I recently watched ‘Strong Enough To Break’ which was an amazing documentary on the band and the making of my favourite Hanson album ‘Underneath.’ In making it, when it began did you ever think it would end up the way it did?
No, we certainly didn’t when we started.  The way the film started out was we were on our third record and we had a young guy and we put him through film school and he had toured the world doing videography stuff and he wanted be a film maker and he’s gone on to do that.  At the time, he was like ‘let’s do a real music making documentary, let’s show people how you guys write songs and let’s just do an in depth story.’  We were like this is great, we were instantly open and it never mattered what we filmed as it was safe to turn on the camera and just capture everything.  As a result it really became, this is how hard it is to actually get a record made instead of let’s make a record, and again it’s another one of those things where you wouldn’t want to go through that period again but I’m so glad that it exists because it makes a point about a moment in time, I think in ten years from now, especially when you look back, people are going to talk about that era as record labels were losing the site of themselves and the digital thing was all beginning and this really bad model of big labels that have no creative people and spend too much money on the front end and don’t know how to work with their bands ha ha.  It’s how it all crashed and burned and our story is just one example of how to kind of get out of it in one piece, I’m really proud that we were able to make it and it’s been really cool because like last night we were at a show with a couple of different bands, Neon Trees and Awolnation who were playing in our hometown in Oklahoma, and we’re friends with the Awolnation guys and we were sitting there talking about kinda what we’d done and our story and stuff and then Neon Trees bass player comes up to Isaac and talks about how he watched the documentary and how he had seen that story.  To me what’s cool about the film is for whatever reason, it’s had its own second life, it’s been discovered by people which I think that’s the way it should be it’s a story that’s kind of every band’s story.
I literally cheered at the end of it too; I thought it was so cool.
Ha ha ha ha

As a result of the doco you now record and release music under your own record label 3CG Records, how does having the freedom to do this help the band?
Well it’s made some things absolutely liberated, but it also makes everybody’s life, daily life, very challenging because you’re taking on all of it, we’ve actually continued our operation is more and more in house.  We’re the label, we’re the merchandiser, all our web stuff, our fan club community, we’re very much this top to bottom deal and that influences the culture around you.  Has it changed us as a band?  No.  Our music is as open and as liberated as it could be, but it’s never been about changing course it’s really been about, hey we’re not gonna get messed up and start become something else, we’re wanna stay the course, I think in general it’s just allowed us to set out to do what we wanted to do.
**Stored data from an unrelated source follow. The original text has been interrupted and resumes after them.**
(* Under the standing assumptions, if $a<0$ then $z(\theta)$ is negative and strictly increasing on $(\pi/2,\pi)$.
   Context: Standing assumptions: $a,b\in\mathbb{R}$ with $b>0$, $1+a+b>0$, $9-27a+b>0$, $2-8a+8a^2+ab\ne0$, $b+1-a\ne0$. Let $f^*(\zeta,\theta)=(\zeta+2\cos\theta)(2\zeta\cos\theta+1)+b\zeta-a(\zeta+2\cos\theta)^3$. Under these assumptions, for each $\theta\in(\pi/2,\pi)$ the polynomial $f^*(\cdot,\theta)$ has exactly one real zero in $(-1,1)$; denote it $w(\theta)$ (so $\zeta(\theta)=1/w(\theta)$). Define $\tau(\theta)=-w(\theta)-2\cos\theta$ and $z(\theta)=-\dfrac{w(\theta)}{\tau(\theta)^3}$ (i.e. $z=-1/(\zeta\tau^3)$). *)

theory Defs
  imports Complex_Main
begin

definition fstar :: "real \<Rightarrow> real \<Rightarrow> real \<Rightarrow> real \<Rightarrow> real" where
  "fstar a b \<zeta> \<theta> = (\<zeta> + 2 * cos \<theta>) * (2 * \<zeta> * cos \<theta> + 1) + b * \<zeta>
      - a * (\<zeta> + 2 * cos \<theta>) ^ 3"

text \<open>The unique real zero of fstar a b (.) theta in the open interval (-1,1)
  (its uniqueness for theta in (pi/2, pi) is part of the standing assumptions).\<close>
definition wzero :: "real \<Rightarrow> real \<Rightarrow> real \<Rightarrow> real" where
  "wzero a b \<theta> = (THE x. -1 < x \<and> x < 1 \<and> fstar a b x \<theta> = 0)"

definition tau :: "real \<Rightarrow> real \<Rightarrow> real \<Rightarrow> real" where
  "tau a b \<theta> = - wzero a b \<theta> - 2 * cos \<theta>"

definition zfun :: "real \<Rightarrow> real \<Rightarrow> real \<Rightarrow> real" where
  "zfun a b \<theta> = - wzero a b \<theta> / (tau a b \<theta>) ^ 3"

end

theory Submission
  imports Defs
begin

text \<open>Write \<open>c = cos \<theta> \<in> (-1,0)\<close>. For \<open>a < 0\<close> the cubic \<open>w \<mapsto> f\<^sup>*(w,\<theta>)\<close> is strictly
  increasing on \<open>(-\<infinity>,1)\<close>, negative at \<open>0\<close> and positive at \<open>min 1 (-2c)\<close>, so its zero \<open>w\<close>
  lies in \<open>(0, min 1 (-2c))\<close>; hence \<open>\<tau> = -w - 2c > 0\<close> and \<open>z = -w/\<tau>\<^sup>3 < 0\<close>.
  Comparing \<open>f\<^sup>*\<close> at two values of \<open>c\<close> shows that \<open>\<tau>\<close> increases as \<open>c\<close> decreases, i.e. as
  \<open>\<theta>\<close> increases. Dividing \<open>f\<^sup>*\<close> by \<open>\<tau>\<^sup>3\<close> gives an equation \<open>Z(\<tau>\<^sup>2, z) = 0\<close> whose negative
  solution \<open>z\<close> increases strictly with \<open>\<tau>\<^sup>2\<close>.\<close>

definition fpoly :: "real \<Rightarrow> real \<Rightarrow> real \<Rightarrow> real \<Rightarrow> real" where
  "fpoly a b c w = (w + 2 * c) * (2 * c * w + 1) + b * w - a * (w + 2 * c) ^ 3"

lemma fstar_eq_fpoly: "fstar a b w \<theta> = fpoly a b (cos \<theta>) w"
  by (simp add: fstar_def fpoly_def)

lemma fpoly_strict_mono:
  fixes a b c :: real
  assumes "a \<le> 0" "b > 0" "c \<le> 0"
  shows "strict_mono_on {..<1} (fpoly a b c)"
proof (rule strict_mono_onI)
  fix x y :: real
  assume "x \<in> {..<1}" "y \<in> {..<1}" "x < y"
  then have "x + y < 2" by simp
  define u v where "u = x + 2 * c" and "v = y + 2 * c"
  have "u\<^sup>2 + u * v + v\<^sup>2 = (v + u / 2)\<^sup>2 + 3 / 4 * u\<^sup>2"
    by (simp add: power2_eq_square algebra_simps)
  then have "- a * (u\<^sup>2 + u * v + v\<^sup>2) \<ge> 0"
    using \<open>a \<le> 0\<close> by (simp add: mult_nonpos_nonneg)
  moreover have "c * 2 \<le> c * (x + y)"
    using \<open>c \<le> 0\<close> \<open>x + y < 2\<close> by (intro mult_left_mono_neg) auto
  moreover have "(2 * c + 1)\<^sup>2 \<ge> 0" by simp
  ultimately have "- a * (u\<^sup>2 + u * v + v\<^sup>2) + 2 * c * (x + y) + 4 * c\<^sup>2 + 1 + b > 0"
    using \<open>b > 0\<close> by (simp add: power2_eq_square algebra_simps)
  with \<open>x < y\<close> have "(y - x) * (- a * (u\<^sup>2 + u * v + v\<^sup>2) + 2 * c * (x + y) + 4 * c\<^sup>2 + 1 + b) > 0"
    by (intro mult_pos_pos) simp_all
  moreover have "fpoly a b c y - fpoly a b c x
      = (y - x) * (- a * (u\<^sup>2 + u * v + v\<^sup>2) + 2 * c * (x + y) + 4 * c\<^sup>2 + 1 + b)"
    unfolding fpoly_def u_def v_def by (simp add: algebra_simps power2_eq_square power3_eq_cube)
  ultimately show "fpoly a b c x < fpoly a b c y"
    by linarith
qed

lemma fpoly_at_0_neg:
  fixes a b c :: real
  assumes "a \<le> 0" "c < 0"
  shows "fpoly a b c 0 < 0"
proof -
  have "fpoly a b c 0 = 2 * c * (1 - 4 * a * c\<^sup>2)"
    unfolding fpoly_def by (simp add: algebra_simps power2_eq_square power3_eq_cube)
  moreover have "a * c\<^sup>2 \<le> 0"
    using assms by (simp add: mult_nonpos_nonneg)
  ultimately show ?thesis
    using assms by (simp add: mult_neg_pos)
qed

lemma fpoly_at_1_pos:
  fixes a b c :: real
  assumes "a \<le> 0" "b > 0" "1 + a + b > 0" "-1 < c" "c < 0"
  shows "fpoly a b c 1 > 0"
proof -
  define v where "v = 1 + 2 * c"
  have "-1 < v" "v < 1"
    using assms by (auto simp: v_def)
  have "fpoly a b c 1 = v\<^sup>2 * (1 - a * v) + b"
    unfolding fpoly_def v_def by (simp add: algebra_simps power2_eq_square power3_eq_cube)
  moreover have "v\<^sup>2 * (1 - a * v) + b > 0"
  proof (cases "1 - a * v \<ge> 0")
    case True
    then have "v\<^sup>2 * (1 - a * v) \<ge> 0" by simp
    then show ?thesis
      using \<open>b > 0\<close> by simp
  next
    case False
    have "1 + a \<le> 1 - a * v"
      using mult_left_mono_neg[of "-1" v a] \<open>a \<le> 0\<close> \<open>-1 < v\<close> by simp
    have "v\<^sup>2 \<le> 1"
      using \<open>-1 < v\<close> \<open>v < 1\<close> by (simp add: abs_square_le_1)
    then have "1 * (1 + a) \<le> v\<^sup>2 * (1 + a)"
      using False \<open>1 + a \<le> 1 - a * v\<close> by (intro mult_right_mono_neg) simp_all
    also have "\<dots> \<le> v\<^sup>2 * (1 - a * v)"
      using \<open>1 + a \<le> 1 - a * v\<close> by (simp add: mult_left_mono)
    finally show ?thesis
      using \<open>1 + a + b > 0\<close> by simp
  qed
  ultimately show ?thesis by simp
qed

lemma fpoly_at_neg2c_pos:
  fixes a b c :: real
  assumes "b > 0" "c < 0"
  shows "fpoly a b c (- 2 * c) > 0"
proof -
  have "fpoly a b c (- 2 * c) = - 2 * b * c"
    unfolding fpoly_def by (simp add: algebra_simps power2_eq_square power3_eq_cube)
  then show ?thesis
    using assms by (simp add: mult_pos_neg)
qed

lemma fpoly_root_exists:
  fixes a b c :: real
  assumes "a \<le> 0" "b > 0" "1 + a + b > 0" "-1 < c" "c < 0"
  shows "\<exists>w. 0 < w \<and> w < 1 \<and> w < - 2 * c \<and> fpoly a b c w = 0"
proof -
  define m where "m = min 1 (- 2 * c)"
  have "fpoly a b c m > 0"
    using fpoly_at_1_pos[OF assms] fpoly_at_neg2c_pos[of b c a] assms
    by (cases "1 \<le> - 2 * c") (auto simp: m_def)
  moreover have "fpoly a b c 0 < 0"
    using fpoly_at_0_neg assms by blast
  moreover have "0 \<le> m"
    using assms by (simp add: m_def)
  moreover have "continuous_on {0..m} (fpoly a b c)"
    unfolding fpoly_def by (intro continuous_intros)
  ultimately obtain w where "0 \<le> w" "w \<le> m" "fpoly a b c w = 0"
    using IVT'[of "fpoly a b c" 0 0 m] by auto
  with \<open>fpoly a b c m > 0\<close> \<open>fpoly a b c 0 < 0\<close> have "0 < w" "w < m"
    by (auto simp: order.order_iff_strict)
  with \<open>fpoly a b c w = 0\<close> show ?thesis
    by (auto simp: m_def)
qed

lemma cos_bounds_second_quadrant:
  assumes "\<theta> \<in> {pi/2<..<pi}"
  shows "-1 < cos \<theta>" "cos \<theta> < 0"
proof -
  have "cos pi < cos \<theta>" "cos \<theta> < cos (pi / 2)"
    using assms by (intro cos_monotone_0_pi; simp)+
  then show "-1 < cos \<theta>" "cos \<theta> < 0" by simp_all
qed

lemma wzero_root:
  fixes a b \<theta> :: real
  assumes "a \<le> 0" "b > 0" "1 + a + b > 0" "\<theta> \<in> {pi/2<..<pi}"
  shows "0 < wzero a b \<theta>" "wzero a b \<theta> < 1" "wzero a b \<theta> < - 2 * cos \<theta>"
    and "fpoly a b (cos \<theta>) (wzero a b \<theta>) = 0"
proof -
  note c = cos_bounds_second_quadrant[OF assms(4)]
  obtain w where w: "0 < w" "w < 1" "w < - 2 * cos \<theta>" "fpoly a b (cos \<theta>) w = 0"
    using fpoly_root_exists[OF assms(1-3) c] by blast
  have inj: "inj_on (fpoly a b (cos \<theta>)) {..<1}"
    using fpoly_strict_mono[OF assms(1,2) less_imp_le[OF c(2)]] by (rule strict_mono_on_imp_inj_on)
  have "wzero a b \<theta> = w"
    unfolding wzero_def fstar_eq_fpoly
  proof (rule the_equality)
    fix x
    assume "-1 < x \<and> x < 1 \<and> fpoly a b (cos \<theta>) x = 0"
    then show "x = w"
      using inj_onD[OF inj, of x w] w by simp
  qed (use w in simp)
  with w show "0 < wzero a b \<theta>" "wzero a b \<theta> < 1" "wzero a b \<theta> < - 2 * cos \<theta>"
    and "fpoly a b (cos \<theta>) (wzero a b \<theta>) = 0" by simp_all
qed

text \<open>Shifting the root \<open>w\<^sub>1\<close> of \<open>fpoly a b c\<^sub>1\<close> by \<open>2(c\<^sub>1 - c\<^sub>2)\<close> keeps \<open>w + 2c\<close> fixed and
  makes \<open>fpoly a b c\<^sub>2\<close> positive there, so the root \<open>w\<^sub>2\<close> lies to the left of the shifted point.\<close>

lemma fpoly_root_tau_antimono:
  fixes a b c\<^sub>1 c\<^sub>2 w\<^sub>1 w\<^sub>2 :: real
  assumes "a \<le> 0" "b > 0" "c\<^sub>2 < c\<^sub>1" "c\<^sub>1 < 0"
    and "0 < w\<^sub>1" "w\<^sub>1 < - 2 * c\<^sub>1" "fpoly a b c\<^sub>1 w\<^sub>1 = 0"
    and "w\<^sub>2 < 1" "fpoly a b c\<^sub>2 w\<^sub>2 = 0"
  shows "- w\<^sub>1 - 2 * c\<^sub>1 < - w\<^sub>2 - 2 * c\<^sub>2"
proof (rule ccontr)
  assume "\<not> - w\<^sub>1 - 2 * c\<^sub>1 < - w\<^sub>2 - 2 * c\<^sub>2"
  define x where "x = w\<^sub>1 + 2 * c\<^sub>1 - 2 * c\<^sub>2"
  have "x \<le> w\<^sub>2"
    using \<open>\<not> - w\<^sub>1 - 2 * c\<^sub>1 < - w\<^sub>2 - 2 * c\<^sub>2\<close> by (simp add: x_def)
  have "(w\<^sub>1 + 2 * c\<^sub>1) * (w\<^sub>1 - 2 * c\<^sub>2) < 0"
    using assms by (simp add: mult_neg_pos)
  then have "2 * ((w\<^sub>1 + 2 * c\<^sub>1) * (w\<^sub>1 - 2 * c\<^sub>2)) - 2 * b < 0"
    using \<open>b > 0\<close> by linarith
  moreover have "fpoly a b c\<^sub>2 x = fpoly a b c\<^sub>1 w\<^sub>1
      + (c\<^sub>2 - c\<^sub>1) * (2 * ((w\<^sub>1 + 2 * c\<^sub>1) * (w\<^sub>1 - 2 * c\<^sub>2)) - 2 * b)"
    unfolding fpoly_def x_def by (simp add: algebra_simps power2_eq_square power3_eq_cube)
  ultimately have "fpoly a b c\<^sub>2 x > 0"
    using assms by (simp add: mult_neg_neg)
  have "strict_mono_on {..<1} (fpoly a b c\<^sub>2)"
    using assms by (intro fpoly_strict_mono) simp_all
  then have "fpoly a b c\<^sub>2 x \<le> fpoly a b c\<^sub>2 w\<^sub>2"
    using \<open>x \<le> w\<^sub>2\<close> \<open>w\<^sub>2 < 1\<close> by (simp add: strict_mono_on_leD)
  with \<open>fpoly a b c\<^sub>2 x > 0\<close> show False
    using assms by simp
qed

text \<open>\<open>Z(s, z)\<close>: \<open>fpoly a b c w / \<tau>\<^sup>3\<close> for \<open>\<tau> = -w - 2c\<close>, expressed in \<open>s = \<tau>\<^sup>2\<close> and \<open>z = -w/\<tau>\<^sup>3\<close>.\<close>

definition zrel :: "real \<Rightarrow> real \<Rightarrow> real \<Rightarrow> real \<Rightarrow> real" where
  "zrel a b s z = z\<^sup>2 * s\<^sup>2 - z * s - b * z - 1 / s + a"

lemma zrel_tau_eq:
  fixes a b c w t :: real
  assumes "t = - w - 2 * c" "t \<noteq> 0"
  shows "zrel a b (t\<^sup>2) (- w / t ^ 3) = fpoly a b c w / t ^ 3"
proof -
  have "c = - (t + w) / 2"
    using assms(1) by simp
  have f: "fpoly a b c w = t * (w\<^sup>2 + w * t - 1) + b * w + a * t ^ 3"
    unfolding fpoly_def \<open>c = - (t + w) / 2\<close> by (simp add: field_simps power2_eq_square power3_eq_cube)
  show ?thesis
    using assms(2) unfolding zrel_def f by (simp add: field_simps power2_eq_square power3_eq_cube)
qed

lemma zrel_root_strict_mono:
  fixes a b s\<^sub>1 s\<^sub>2 z\<^sub>1 z\<^sub>2 :: real
  assumes "b > 0" "0 < s\<^sub>1" "s\<^sub>1 < s\<^sub>2" "z\<^sub>1 < 0" "z\<^sub>2 < 0"
    and "zrel a b s\<^sub>1 z\<^sub>1 = 0" "zrel a b s\<^sub>2 z\<^sub>2 = 0"
  shows "z\<^sub>1 < z\<^sub>2"
proof (rule ccontr)
  assume "\<not> z\<^sub>1 < z\<^sub>2"
  have "s\<^sub>1\<^sup>2 < s\<^sub>2\<^sup>2"
    using assms by (simp add: power_strict_mono)
  then have "z\<^sub>1\<^sup>2 * (s\<^sub>2\<^sup>2 - s\<^sub>1\<^sup>2) \<ge> 0"
    by simp
  moreover have "- z\<^sub>1 * (s\<^sub>2 - s\<^sub>1) > 0" "1 / s\<^sub>1 - 1 / s\<^sub>2 > 0"
    using assms by (simp_all add: mult_neg_pos frac_less2)
  moreover have "zrel a b s\<^sub>2 z\<^sub>1 = zrel a b s\<^sub>1 z\<^sub>1
      + z\<^sub>1\<^sup>2 * (s\<^sub>2\<^sup>2 - s\<^sub>1\<^sup>2) + (- z\<^sub>1 * (s\<^sub>2 - s\<^sub>1)) + (1 / s\<^sub>1 - 1 / s\<^sub>2)"
    unfolding zrel_def by (simp add: algebra_simps)
  ultimately have "zrel a b s\<^sub>2 z\<^sub>1 > 0"
    using \<open>zrel a b s\<^sub>1 z\<^sub>1 = 0\<close> by linarith
  have "s\<^sub>2\<^sup>2 * (z\<^sub>1 + z\<^sub>2) \<le> 0"
    using assms by (simp add: mult_nonneg_nonpos)
  then have "(z\<^sub>1 - z\<^sub>2) * (s\<^sub>2\<^sup>2 * (z\<^sub>1 + z\<^sub>2) - s\<^sub>2 - b) \<le> 0"
    using \<open>\<not> z\<^sub>1 < z\<^sub>2\<close> assms by (intro mult_nonneg_nonpos) simp_all
  moreover have "zrel a b s\<^sub>2 z\<^sub>1
      = zrel a b s\<^sub>2 z\<^sub>2 + (z\<^sub>1 - z\<^sub>2) * (s\<^sub>2\<^sup>2 * (z\<^sub>1 + z\<^sub>2) - s\<^sub>2 - b)"
    unfolding zrel_def by (simp add: algebra_simps power2_eq_square)
  ultimately show False
    using \<open>zrel a b s\<^sub>2 z\<^sub>1 > 0\<close> \<open>zrel a b s\<^sub>2 z\<^sub>2 = 0\<close> by linarith
qed

theorem mainTheorem14:
  fixes a b :: real
  assumes "b > 0" and "1 + a + b > 0" and "9 - 27 * a + b > 0"
    and "2 - 8 * a + 8 * a ^ 2 + a * b \<noteq> 0" and "b + 1 - a \<noteq> 0"
    and "a < 0"
  shows "(\<forall>\<theta>\<in>{pi/2<..<pi}. zfun a b \<theta> < 0) \<and> strict_mono_on {pi/2<..<pi} (zfun a b)"
proof -
  note w = wzero_root[OF less_imp_le[OF \<open>a < 0\<close>] \<open>b > 0\<close> \<open>1 + a + b > 0\<close>]
  have tau_pos: "tau a b \<theta> > 0" if "\<theta> \<in> {pi/2<..<pi}" for \<theta>
    using w(3)[OF that] by (simp add: tau_def)
  have z_neg: "zfun a b \<theta> < 0" if "\<theta> \<in> {pi/2<..<pi}" for \<theta>
    using w(1)[OF that] tau_pos[OF that] by (simp add: zfun_def divide_pos_pos)
  have z_rel: "zrel a b ((tau a b \<theta>)\<^sup>2) (zfun a b \<theta>) = 0" if "\<theta> \<in> {pi/2<..<pi}" for \<theta>
    unfolding zfun_def zrel_tau_eq[OF tau_def less_imp_neq[OF tau_pos[OF that], symmetric]] w(4)[OF that]
    by simp
  have "zfun a b r < zfun a b s"
    if r: "r \<in> {pi/2<..<pi}" and s: "s \<in> {pi/2<..<pi}" and "r < s" for r s
  proof -
    have "cos s < cos r"
      using r s \<open>r < s\<close> by (intro cos_monotone_0_pi) auto
    then have "tau a b r < tau a b s"
      unfolding tau_def
      using w[OF r] w[OF s] cos_bounds_second_quadrant[OF r] \<open>a < 0\<close> \<open>b > 0\<close>
      by (intro fpoly_root_tau_antimono) auto
    then have "(tau a b r)\<^sup>2 < (tau a b s)\<^sup>2"
      using tau_pos[OF r] by (simp add: power_strict_mono)
    with tau_pos[OF r] show ?thesis
      by (intro zrel_root_strict_mono[OF \<open>b > 0\<close> _ _ z_neg[OF r] z_neg[OF s] z_rel[OF r] z_rel[OF s]])
        simp_all
  qed
  then show ?thesis
    using z_neg by (auto intro: strict_mono_onI)
qed

end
Are you at the point yet of signing other artists to the label?
We’re close.  The dilemma that we have since we started the label is that we’ve had bad record companies ourselves and the worst thing we could do, and we’ve joked about this is, we don’t want to become the devil that we all know, and really the only way to avoid that is to know that you’re really prepared to give something that is really valuable to an artist and really be dedicated to them.  So we are probably now, at almost ten years as a label, we have an operation where we feel we can really bring something to the table for an artist, we can really do something that isn’t just ‘hey we’re a record company, we can get your record distributed’ we want to actually want to be a partner.  Short answer is, we’re close.

Looking back over your career is there anything you would’ve done differently?
There are some shirts I wouldn’t have worn, and there’s probably some outfits, some clothes.  The hard thing about really sitting back and saying oh I never would’ve done that is, it’s life is strange, you do one thing and it makes you decide to do another, you’re glad you did.  Sometimes bad decisions lead to good ones, so I don’t know, I’ve never been into going backwards and editing the past, I just have a hard time doing it.

What does the remainder of 2012 have in store for Hanson?
For one, really working hard on the next album, music, all the things are coming. We’re actually kind of plotting a proper world tour hopefully that will happen next year, getting back to places that we’ve been able to touch on, maybe who knows, maybe looking ahead at coming back to Australia instead of knowing it’s going to be six or seven years, we don’t really want that to be the case.  A lot of planning and a lot of working on a new record and honestly for us at this point, in all seriousness we’re really excited about coming back for the Australian tour.

I have to ask, just because I loved the album, but what’s the status of Tinted Windows?
Adam and James and I are kind of throwing ideas back and forth as we speak, the thing with Tinted Windows is that it’s fun and its great and it’s not anybody’s like bread and butter and so the way we try to approach it is, as time allows, you get together and you write a song or you record something, so I think there will probably be another Tinted Windows record at some point, but I wouldn’t sit around holding your breath for it because you’ll be holding your breath for a while.

Do you have you got a message for your Australian fans?
It’s hard to put one message in there, I mean the big message just has to be thank you.  The people that are actually fans, especially, thanks for your patience and I hope we’re visiting enough cities that where ever you are that you get to come and actually catch a show.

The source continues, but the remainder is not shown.